There are 4 real parts to this.
1) Your application. An MDB is an application which implements the J2EE Message Driven Bean API, which in its simplest form means it has an onMessage() function which will be invoked by the application server when messages arrive.
2) The J2EE application server, JBOSS is an example. This receives messages from the MQ client, and forwards them to the MDB.
3) The MQ client. This is the code written by the MQ provider (IBM/Apache/etc) which implements the JCA RA and JMS parts of J2EE. Applications can interact with this client via JMS to put and get messages, though when you're interacting as an MDB you'll be driven via your onMessage() method. This client hands messages to the application server, which drives the applications.

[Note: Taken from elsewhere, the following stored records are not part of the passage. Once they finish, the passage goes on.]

lemma W1_imp_nonneg:
  assumes "0 < k1" "0 < km1" "0 < k2" and "(s, c) \<in> W1 k0 k1 km1 k2 eT"
  shows "0 \<le> s \<and> 0 \<le> c \<and> 0 \<le> fs k0 k1 km1 k2 eT s c \<and> 0 \<le> fc k0 k1 km1 k2 eT s c"
proof -
  have "0 \<le> s" "0 \<le> c"
    and "(k1 * eT * s - k0) / (k1 * s + km1) \<le> c"
    and "c \<le> k1 * eT * s / (k1 * s + km1 + k2)"
    using assms(4) by (auto simp: W1_def)
  moreover have "0 < k1 * s + km1" "0 < k1 * s + km1 + k2"
    using assms(1-3) \<open>0 \<le> s\<close> by (simp_all add: add_nonneg_pos add_pos_pos)
  ultimately show ?thesis
    by (simp add: fs_def fc_def divide_le_eq le_divide_eq algebra_simps)
qed

lemma fc_nonneg_imp_less_eT:
  assumes "0 < k1" "0 < km1" "0 < k2" "0 < eT" "0 \<le> s"
    and "0 \<le> fc k0 k1 km1 k2 eT s c"
  shows "c < eT"
proof (rule ccontr)
  assume "\<not> c < eT"
  then have "k1 * (eT - c) \<le> 0" and c_pos: "0 < (km1 + k2) * c"
    using assms(1-4) by (simp_all add: mult_nonneg_nonpos)
  then have "k1 * (eT - c) * s \<le> 0"
    using \<open>0 \<le> s\<close> by (simp add: mult_nonpos_nonneg)
  with assms(6) c_pos show False
    by (simp add: fc_def)
qed

lemma fc_eq_qss_distance:
  assumes "k1 * s + km1 + k2 \<noteq> 0"
  shows "fc k0 k1 km1 k2 eT s c = - (k1 * s + km1 + k2) * (c - w k1 km1 k2 eT s)"
  using assms by (simp add: fc_def w_def field_simps)

lemma has_real_derivative_w:
  assumes "k1 * x + km1 + k2 \<noteq> 0"
  shows "(w k1 km1 k2 eT has_real_derivative k1 * eT * (km1 + k2) / (k1 * x + km1 + k2)\<^sup>2) (at x)"
  unfolding w_def[abs_def]
  using assms by (auto intro!: derivative_eq_intros simp: field_simps power2_eq_square)

lemma w_slope_le_eps_c:
  assumes "0 < k1" "0 < km1" "0 < k2" "0 < eT" "0 \<le> x"
  shows "k1 * eT * (km1 + k2) / (k1 * x + km1 + k2)\<^sup>2 \<le> eps_c k1 km1 k2 eT"
proof -
  have "0 < km1 + k2" "km1 + k2 \<le> k1 * x + km1 + k2"
    using assms by simp_all
  then have "0 < k1 * x + km1 + k2" "(km1 + k2)\<^sup>2 \<le> (k1 * x + km1 + k2)\<^sup>2"
    by (auto intro: power_mono)
  then have "k1 * eT * (km1 + k2) / (k1 * x + km1 + k2)\<^sup>2 \<le> k1 * eT * (km1 + k2) / (km1 + k2)\<^sup>2"
    using assms \<open>0 < km1 + k2\<close> by (intro divide_left_mono) simp_all
  also have "\<dots> = eps_c k1 km1 k2 eT"
    using \<open>0 < km1 + k2\<close> by (simp add: eps_c_def power2_eq_square)
  finally show ?thesis .
qed

lemma eps_c_mult_k0:
  "eps_c k1 km1 k2 eT * k0 / (km1 + k2) = eps_star k0 k1 km1 k2 eT"
  by (simp add: eps_c_def eps_star_def power2_eq_square)

locale mm_trajectory =
  fixes k0 k1 km1 k2 eT :: real and s c :: "real \<Rightarrow> real"
  assumes rates_pos: "0 < k0" "0 < k1" "0 < km1" "0 < k2" "0 < eT"
    and s_deriv: "\<And>t. 0 \<le> t \<Longrightarrow> (s has_real_derivative fs k0 k1 km1 k2 eT (s t) (c t)) (at t within {0..})"
    and c_deriv: "\<And>t. 0 \<le> t \<Longrightarrow> (c has_real_derivative fc k0 k1 km1 k2 eT (s t) (c t)) (at t within {0..})"
    and initial_in_W1: "(s 0, c 0) \<in> W1 k0 k1 km1 k2 eT"
begin

definition s' :: "real \<Rightarrow> real" where
  "s' t = fs k0 k1 km1 k2 eT (s t) (c t)"

definition c' :: "real \<Rightarrow> real" where
  "c' t = fc k0 k1 km1 k2 eT (s t) (c t)"

lemma has_derivative_s':
  assumes "0 \<le> t"
  shows "(s' has_real_derivative (k1 * s t + km1) * c' t - k1 * (eT - c t) * s' t) (at t within {0..})"
  unfolding s'_def[abs_def] fs_def
  by (rule derivative_eq_intros s_deriv c_deriv assms refl)+ (simp add: s'_def c'_def fs_def fc_def algebra_simps)

lemma has_derivative_c':
  assumes "0 \<le> t"
  shows "(c' has_real_derivative k1 * (eT - c t) * s' t - (k1 * s t + km1 + k2) * c' t) (at t within {0..})"
  unfolding c'_def[abs_def] fc_def
  by (rule derivative_eq_intros s_deriv c_deriv assms refl)+ (simp add: s'_def c'_def fs_def fc_def algebra_simps)

lemma continuous_on_trajectory:
  "continuous_on {0..T} s" "continuous_on {0..T} c" "continuous_on {0..T} s'" "continuous_on {0..T} c'"
  by (rule DERIV_continuous_on, rule has_field_derivative_subset,
      (rule s_deriv c_deriv has_derivative_s' has_derivative_c'; simp), force)+

lemma trajectory_nonneg_if_velocities_nonneg:
  assumes "\<And>u. 0 \<le> u \<Longrightarrow> u \<le> t \<Longrightarrow> 0 \<le> s' u \<and> 0 \<le> c' u" "0 \<le> t"
  shows "0 \<le> s t \<and> 0 \<le> c t"
proof -
  have "s 0 \<le> s t"
    using assms by (intro nonneg_derivative_imp_ge_initial[OF s_deriv]) (simp_all add: s'_def)
  moreover have "c 0 \<le> c t"
    using assms by (intro nonneg_derivative_imp_ge_initial[OF c_deriv]) (simp_all add: c'_def)
  moreover have "0 \<le> s 0" "0 \<le> c 0"
    using W1_imp_nonneg[OF _ _ _ initial_in_W1] rates_pos by auto
  ultimately show ?thesis
    by simp
qed

lemma cooperative_coefficients_pos_beyond:
  assumes "0 \<le> T" and nonneg: "\<And>u. 0 \<le> u \<Longrightarrow> u \<le> T \<Longrightarrow> 0 \<le> s' u \<and> 0 \<le> c' u"
  shows "\<exists>\<delta>>0. \<forall>u. 0 \<le> u \<and> u \<le> T + \<delta> \<longrightarrow> 0 < k1 * s u + km1 \<and> c u < eT"
proof -
  have before: "0 < k1 * s u + km1 \<and> c u < eT" if "0 \<le> u" "u \<le> T" for u
  proof -
    have "0 \<le> s u" "0 \<le> c' u"
      using trajectory_nonneg_if_velocities_nonneg[of u] nonneg that by simp_all
    then show ?thesis
      using fc_nonneg_imp_less_eT[of k1 km1 k2 eT "s u" k0 "c u"] rates_pos
      by (simp add: c'_def add_nonneg_pos)
  qed
  have "{T<..} \<subseteq> {0..}"
    using \<open>0 \<le> T\<close> by auto
  then have s_lim: "(s \<longlongrightarrow> s T) (at_right T)" and c_lim: "(c \<longlongrightarrow> c T) (at_right T)"
    using DERIV_continuous[OF s_deriv[OF \<open>0 \<le> T\<close>]] DERIV_continuous[OF c_deriv[OF \<open>0 \<le> T\<close>]]
    by (simp_all add: continuous_within tendsto_within_subset)
  have "((\<lambda>u. k1 * s u + km1) \<longlongrightarrow> k1 * s T + km1) (at_right T)"
    using s_lim by (intro tendsto_intros)
  moreover note c_lim
  moreover have "0 < k1 * s T + km1" "c T < eT"
    using before[OF \<open>0 \<le> T\<close>] by simp_all
  ultimately have "\<forall>\<^sub>F u in at_right T. 0 < k1 * s u + km1 \<and> c u < eT"
    by (intro eventually_conj order_tendstoD)
  then obtain b where "T < b" and after: "\<And>u. T < u \<Longrightarrow> u < b \<Longrightarrow> 0 < k1 * s u + km1 \<and> c u < eT"
    by (auto simp: eventually_at_right_field)
  have "0 < k1 * s u + km1 \<and> c u < eT" if "0 \<le> u" "u \<le> T + (b - T) / 2" for u
  proof (cases "u \<le> T")
    case True
    with before that show ?thesis
      by simp
  next
    case False
    moreover have "u < b"
      using that \<open>T < b\<close> by (simp add: field_simps)
    ultimately show ?thesis
      using after by simp
  qed
  moreover have "0 < (b - T) / 2"
    using \<open>T < b\<close> by simp
  ultimately show ?thesis
    by blast
qed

4) The MQ server. IBM MQ calls this a 'queue manager', and this can exist anywhere. The client from #3 will connect to the queue manager over the network.
#1, #2, and #3 need to be on the same physical machine (and run in the same JVM). #4 can be anywhere as its accessed over the network.
To address your points:
So can the MDB deployed in physical server-A get messages from physical server-B?
Yes
If this is possible, then does MDB use JMS API's?
The MDB is driven by the application server using the J2EE API, JMS is just a part of this.
By the way, 'MQ' is the name of product rather than a concept. The generic name is 'Messaging Provider'. IBM MQ and ApacheMQ are both messaging providers.